Stansbury further cited the effects on New Mexicans’ health care, food security and education, saying the bill “is going to have truly catastrophic impacts for New Mexico.” Republicans, she added, are trying to downplay those impacts.

U.S. Rep. Melanie Stansbury (D-N.M.) posted her no vote on social media on July 3, 2025. (Courtesy photo) “And so our question is, then, ‘Why did they have to pass it in the dark of night in both the Senate and the House?’ It’s because they know millions of Americans are going to be hurt by it, but they don’t care. Their message to America today is: They won. America loses. They don’t care. You can lose your health care, you can lose your food assistance, you can lose your education. They don’t care.”

That being said, Stansbury added, “We don’t want New Mexicans to lose hope. We want them to use their understanding of what’s about to happen to fuel the fight. We have to take back the House.”

U.S. Rep. Gabe Vasquez, who represents the southern portion of the state in the 2nd Congressional District, described himself as “furious.”

“This is the biggest tax giveaway to the richest people in this country, and it’s being paid for on the backs of working families,” Vasquez said. “And the saddest thing is, is that it’s taking health care away from those who need it the most.”

U.S. Rep. Teresa Leger Fernández from the 3rd Congressional District, said she refers to the budget reconciliation bill as the “betrayed for billionaires” bill. Leger Fernández further contrasted and described the types of bills passed under federal Democratic leadership, such as the Affordable Health Care Act, the Inflation Reduction Act and the American Rescue Plan, which helped insure all Americans, invested in renewable energy and stimulated the economy, respectively, she said.

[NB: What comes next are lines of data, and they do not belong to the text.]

lemma sum_UNIV_bool: "(\<Sum>b\<in>UNIV. f b) = f True + (f False :: 'a::comm_monoid_add)"
  by (simp add: UNIV_bool add.commute)

lemma mat_mult_mat_eq: "mat n m f * mat m p g = mat n p (\<lambda>(i,j). \<Sum>k<m. f (i,k) * g (k,j))"
  by (rule eq_matI) (auto simp: scalar_prod_def lessThan_atLeast0 intro!: sum.cong)

lemma kron_mat_2:
  "kron (mat 2 2 f) (mat 2 2 g) = mat 4 4 (\<lambda>(i,j). f (i div 2, j div 2) * g (i mod 2, j mod 2))"
  unfolding kron_def by (rule eq_matI) auto

lemma one_mat_eq_mat: "1\<^sub>m n = mat n n (\<lambda>(i,j). if i = j then 1 else 0)"
  by (rule eq_matI) auto

definition bob_entry :: "bool \<Rightarrow> bool \<Rightarrow> bool \<Rightarrow> bool \<Rightarrow> nat \<Rightarrow> nat \<Rightarrow> complex" where
  "bob_entry y h1 h2 p i j =
    (if y then
      (if h1 then
        (if h2 then
          (if p then [[0,0,0,-1],[0,0,-1,0],[0,-1,0,0],[-1,0,0,0]]
           else [[0,0,0,-1],[0,0,1,0],[0,1,0,0],[-1,0,0,0]])
         else
          (if p then [[0,0,-\<i>,0],[0,0,0,\<i>],[-\<i>,0,0,0],[0,\<i>,0,0]]
           else [[0,0,-\<i>,0],[0,0,0,-\<i>],[\<i>,0,0,0],[0,\<i>,0,0]]))
       else
        (if h2 then
          (if p then [[0,-\<i>,0,0],[-\<i>,0,0,0],[0,0,0,\<i>],[0,0,\<i>,0]]
           else [[0,-\<i>,0,0],[\<i>,0,0,0],[0,0,0,-\<i>],[0,0,\<i>,0]])
         else
          (if p then [[1,0,0,0],[0,-1,0,0],[0,0,-1,0],[0,0,0,1]]
           else [[1,0,0,0],[0,1,0,0],[0,0,1,0],[0,0,0,1]])))
     else
      (if h1 then
        (if h2 then
          (if p then [[0,0,-1,0],[0,0,0,-1],[0,-1,0,0],[-1,0,0,0]]
           else [[0,0,-1,0],[0,0,0,1],[0,1,0,0],[-1,0,0,0]])
         else
          (if p then [[0,0,0,-\<i>],[0,0,\<i>,0],[-\<i>,0,0,0],[0,\<i>,0,0]]
           else [[0,0,0,-\<i>],[0,0,-\<i>,0],[\<i>,0,0,0],[0,\<i>,0,0]]))
       else
        (if h2 then
          (if p then [[0,-\<i>,0,0],[-\<i>,0,0,0],[0,0,\<i>,0],[0,0,0,\<i>]]
           else [[0,-\<i>,0,0],[\<i>,0,0,0],[0,0,-\<i>,0],[0,0,0,\<i>]])
         else
          (if p then [[1,0,0,0],[0,-1,0,0],[0,0,0,-1],[0,0,1,0]]
           else [[1,0,0,0],[0,1,0,0],[0,0,0,1],[0,0,1,0]])))) ! i ! j"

“It shouldn’t be that just the wealthy get the good life,” she said. “We all want the good education, a good home, good health care, a beautiful planet to live on, right? That’s the good life. But Republicans are actually, instead of …waking up thinking about the American dream…we are waking up into the American nightmare because their big, ugly bill undoes all the progress that Democrats were making.”